GOAL OF THE EXERCISE →
Starting with the first line of the records, write out each line exactly until you have included the line containing "using over assms(2)".

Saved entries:
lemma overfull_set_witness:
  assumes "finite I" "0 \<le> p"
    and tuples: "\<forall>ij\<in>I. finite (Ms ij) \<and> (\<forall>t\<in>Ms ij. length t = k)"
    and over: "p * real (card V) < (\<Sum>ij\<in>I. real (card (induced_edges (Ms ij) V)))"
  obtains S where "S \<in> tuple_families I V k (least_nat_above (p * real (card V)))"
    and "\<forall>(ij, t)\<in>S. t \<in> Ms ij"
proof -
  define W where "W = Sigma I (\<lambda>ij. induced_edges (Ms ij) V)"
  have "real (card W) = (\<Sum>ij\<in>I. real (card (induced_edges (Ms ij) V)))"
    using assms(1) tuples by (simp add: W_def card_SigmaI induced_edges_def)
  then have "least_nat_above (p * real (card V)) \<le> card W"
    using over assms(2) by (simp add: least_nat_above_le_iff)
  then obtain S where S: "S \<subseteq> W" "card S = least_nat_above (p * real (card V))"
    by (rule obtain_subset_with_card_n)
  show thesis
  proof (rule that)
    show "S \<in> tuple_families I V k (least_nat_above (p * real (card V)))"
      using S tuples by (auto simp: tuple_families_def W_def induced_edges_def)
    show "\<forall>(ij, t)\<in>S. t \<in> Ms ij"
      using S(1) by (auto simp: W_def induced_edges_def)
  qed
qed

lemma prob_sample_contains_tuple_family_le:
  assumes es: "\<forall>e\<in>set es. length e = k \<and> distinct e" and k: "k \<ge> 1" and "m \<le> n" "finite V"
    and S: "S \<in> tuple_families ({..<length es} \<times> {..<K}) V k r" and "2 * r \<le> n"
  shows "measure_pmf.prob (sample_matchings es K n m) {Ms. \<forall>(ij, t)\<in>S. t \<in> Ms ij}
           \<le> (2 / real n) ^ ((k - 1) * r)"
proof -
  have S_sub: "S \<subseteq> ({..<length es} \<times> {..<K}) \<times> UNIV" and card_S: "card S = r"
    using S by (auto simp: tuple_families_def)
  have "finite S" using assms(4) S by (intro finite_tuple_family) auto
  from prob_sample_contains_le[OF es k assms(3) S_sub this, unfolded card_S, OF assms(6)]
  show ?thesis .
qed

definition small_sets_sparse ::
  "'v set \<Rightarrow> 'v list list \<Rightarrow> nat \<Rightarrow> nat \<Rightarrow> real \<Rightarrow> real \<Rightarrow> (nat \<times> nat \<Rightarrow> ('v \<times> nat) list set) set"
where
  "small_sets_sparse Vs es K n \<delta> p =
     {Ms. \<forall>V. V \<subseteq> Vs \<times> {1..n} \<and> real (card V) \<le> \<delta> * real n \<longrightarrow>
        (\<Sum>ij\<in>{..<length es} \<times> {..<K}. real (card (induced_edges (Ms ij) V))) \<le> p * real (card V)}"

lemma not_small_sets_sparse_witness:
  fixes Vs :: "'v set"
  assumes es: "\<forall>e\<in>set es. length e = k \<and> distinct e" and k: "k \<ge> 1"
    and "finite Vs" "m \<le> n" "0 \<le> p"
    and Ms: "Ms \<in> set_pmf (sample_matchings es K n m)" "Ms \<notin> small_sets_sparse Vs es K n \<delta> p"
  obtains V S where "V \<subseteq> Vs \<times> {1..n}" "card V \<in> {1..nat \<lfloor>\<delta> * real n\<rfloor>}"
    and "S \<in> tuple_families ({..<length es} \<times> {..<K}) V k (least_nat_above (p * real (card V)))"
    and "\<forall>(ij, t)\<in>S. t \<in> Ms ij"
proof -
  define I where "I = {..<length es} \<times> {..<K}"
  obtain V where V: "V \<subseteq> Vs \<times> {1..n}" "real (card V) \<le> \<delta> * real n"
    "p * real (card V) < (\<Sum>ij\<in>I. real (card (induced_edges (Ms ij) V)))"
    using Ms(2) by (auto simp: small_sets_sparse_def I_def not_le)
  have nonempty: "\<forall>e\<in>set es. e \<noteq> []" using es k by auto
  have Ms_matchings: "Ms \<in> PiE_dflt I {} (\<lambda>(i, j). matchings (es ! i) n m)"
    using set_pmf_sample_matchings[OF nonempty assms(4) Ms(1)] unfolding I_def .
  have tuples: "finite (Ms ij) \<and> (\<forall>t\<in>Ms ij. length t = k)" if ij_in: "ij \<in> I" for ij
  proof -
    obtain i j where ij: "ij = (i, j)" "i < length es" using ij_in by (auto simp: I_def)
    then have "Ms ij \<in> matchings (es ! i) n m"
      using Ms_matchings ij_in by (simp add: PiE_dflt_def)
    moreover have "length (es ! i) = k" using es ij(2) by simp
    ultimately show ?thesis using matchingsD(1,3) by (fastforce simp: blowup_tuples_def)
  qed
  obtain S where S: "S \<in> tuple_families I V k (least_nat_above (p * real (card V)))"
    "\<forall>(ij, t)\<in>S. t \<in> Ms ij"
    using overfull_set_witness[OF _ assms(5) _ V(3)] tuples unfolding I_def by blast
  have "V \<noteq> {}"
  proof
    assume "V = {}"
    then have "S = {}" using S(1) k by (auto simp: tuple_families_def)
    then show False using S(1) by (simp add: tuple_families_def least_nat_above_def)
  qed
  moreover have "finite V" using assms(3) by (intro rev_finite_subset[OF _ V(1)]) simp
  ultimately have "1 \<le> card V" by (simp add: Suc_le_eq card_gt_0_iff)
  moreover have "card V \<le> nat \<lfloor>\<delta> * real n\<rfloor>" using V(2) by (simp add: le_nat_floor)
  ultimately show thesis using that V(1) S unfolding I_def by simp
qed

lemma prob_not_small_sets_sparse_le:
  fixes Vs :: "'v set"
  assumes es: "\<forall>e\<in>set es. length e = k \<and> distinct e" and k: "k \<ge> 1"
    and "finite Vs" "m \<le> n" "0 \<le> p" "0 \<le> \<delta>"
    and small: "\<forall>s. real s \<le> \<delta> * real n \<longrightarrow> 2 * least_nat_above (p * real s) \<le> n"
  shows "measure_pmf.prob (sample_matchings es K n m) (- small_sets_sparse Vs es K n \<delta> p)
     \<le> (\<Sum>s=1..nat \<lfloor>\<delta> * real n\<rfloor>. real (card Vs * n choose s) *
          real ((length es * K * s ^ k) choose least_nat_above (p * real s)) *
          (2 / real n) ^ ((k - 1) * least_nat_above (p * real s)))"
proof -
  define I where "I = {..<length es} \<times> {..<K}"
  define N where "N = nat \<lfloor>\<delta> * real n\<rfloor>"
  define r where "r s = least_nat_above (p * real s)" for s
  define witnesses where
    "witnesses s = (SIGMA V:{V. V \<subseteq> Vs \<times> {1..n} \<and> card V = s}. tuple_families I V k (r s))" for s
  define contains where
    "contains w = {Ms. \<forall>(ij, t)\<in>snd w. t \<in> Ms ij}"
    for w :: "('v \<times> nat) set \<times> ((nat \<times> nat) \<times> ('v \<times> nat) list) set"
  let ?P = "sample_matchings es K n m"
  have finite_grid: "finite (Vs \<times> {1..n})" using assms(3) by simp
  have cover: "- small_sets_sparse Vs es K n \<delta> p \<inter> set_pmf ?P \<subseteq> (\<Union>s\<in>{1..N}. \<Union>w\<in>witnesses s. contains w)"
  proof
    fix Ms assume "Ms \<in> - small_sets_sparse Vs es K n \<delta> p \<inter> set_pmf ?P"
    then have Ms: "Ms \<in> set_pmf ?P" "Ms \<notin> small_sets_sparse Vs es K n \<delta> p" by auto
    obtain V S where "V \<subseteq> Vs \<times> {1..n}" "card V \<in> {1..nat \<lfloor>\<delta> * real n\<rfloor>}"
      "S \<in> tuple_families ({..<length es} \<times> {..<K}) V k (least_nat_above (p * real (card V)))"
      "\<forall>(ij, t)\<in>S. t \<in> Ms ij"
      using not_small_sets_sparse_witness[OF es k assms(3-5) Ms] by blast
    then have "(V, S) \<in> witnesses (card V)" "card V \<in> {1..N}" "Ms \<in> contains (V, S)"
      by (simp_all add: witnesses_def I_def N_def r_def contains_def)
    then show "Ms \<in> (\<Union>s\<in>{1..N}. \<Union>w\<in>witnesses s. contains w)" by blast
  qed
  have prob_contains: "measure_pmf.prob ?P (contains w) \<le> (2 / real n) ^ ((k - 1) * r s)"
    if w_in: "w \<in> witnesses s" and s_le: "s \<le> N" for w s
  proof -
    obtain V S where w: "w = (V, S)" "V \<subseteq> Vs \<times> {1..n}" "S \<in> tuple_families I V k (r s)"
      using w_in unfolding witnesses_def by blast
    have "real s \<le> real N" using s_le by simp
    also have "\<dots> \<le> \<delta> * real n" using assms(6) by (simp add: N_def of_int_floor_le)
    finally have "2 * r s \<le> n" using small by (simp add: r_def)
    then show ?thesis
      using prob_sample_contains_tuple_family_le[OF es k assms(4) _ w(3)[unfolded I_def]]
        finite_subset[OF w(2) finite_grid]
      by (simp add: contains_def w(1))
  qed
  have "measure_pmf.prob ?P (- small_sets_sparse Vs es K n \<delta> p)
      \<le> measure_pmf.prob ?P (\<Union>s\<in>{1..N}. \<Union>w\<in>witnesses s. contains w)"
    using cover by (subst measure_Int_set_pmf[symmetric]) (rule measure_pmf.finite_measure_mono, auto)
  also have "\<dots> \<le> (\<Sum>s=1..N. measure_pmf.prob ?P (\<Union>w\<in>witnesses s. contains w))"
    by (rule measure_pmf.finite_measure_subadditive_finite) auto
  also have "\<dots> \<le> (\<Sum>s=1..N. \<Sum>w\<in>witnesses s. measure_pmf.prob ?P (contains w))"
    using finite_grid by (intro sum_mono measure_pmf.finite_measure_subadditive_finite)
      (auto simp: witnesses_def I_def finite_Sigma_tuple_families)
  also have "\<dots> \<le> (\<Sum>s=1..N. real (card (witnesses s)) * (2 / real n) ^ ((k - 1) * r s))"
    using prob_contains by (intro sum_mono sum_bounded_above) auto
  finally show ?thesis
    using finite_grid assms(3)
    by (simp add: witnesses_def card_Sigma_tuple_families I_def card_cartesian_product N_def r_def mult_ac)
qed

EXERCISE OUTPUT →
lemma overfull_set_witness:
  assumes "finite I" "0 \<le> p"
    and tuples: "\<forall>ij\<in>I. finite (Ms ij) \<and> (\<forall>t\<in>Ms ij. length t = k)"
    and over: "p * real (card V) < (\<Sum>ij\<in>I. real (card (induced_edges (Ms ij) V)))"
  obtains S where "S \<in> tuple_families I V k (least_nat_above (p * real (card V)))"
    and "\<forall>(ij, t)\<in>S. t \<in> Ms ij"
proof -
  define W where "W = Sigma I (\<lambda>ij. induced_edges (Ms ij) V)"
  have "real (card W) = (\<Sum>ij\<in>I. real (card (induced_edges (Ms ij) V)))"
    using assms(1) tuples by (simp add: W_def card_SigmaI induced_edges_def)
  then have "least_nat_above (p * real (card V)) \<le> card W"
    using over assms(2) by (simp add: least_nat_above_le_iff)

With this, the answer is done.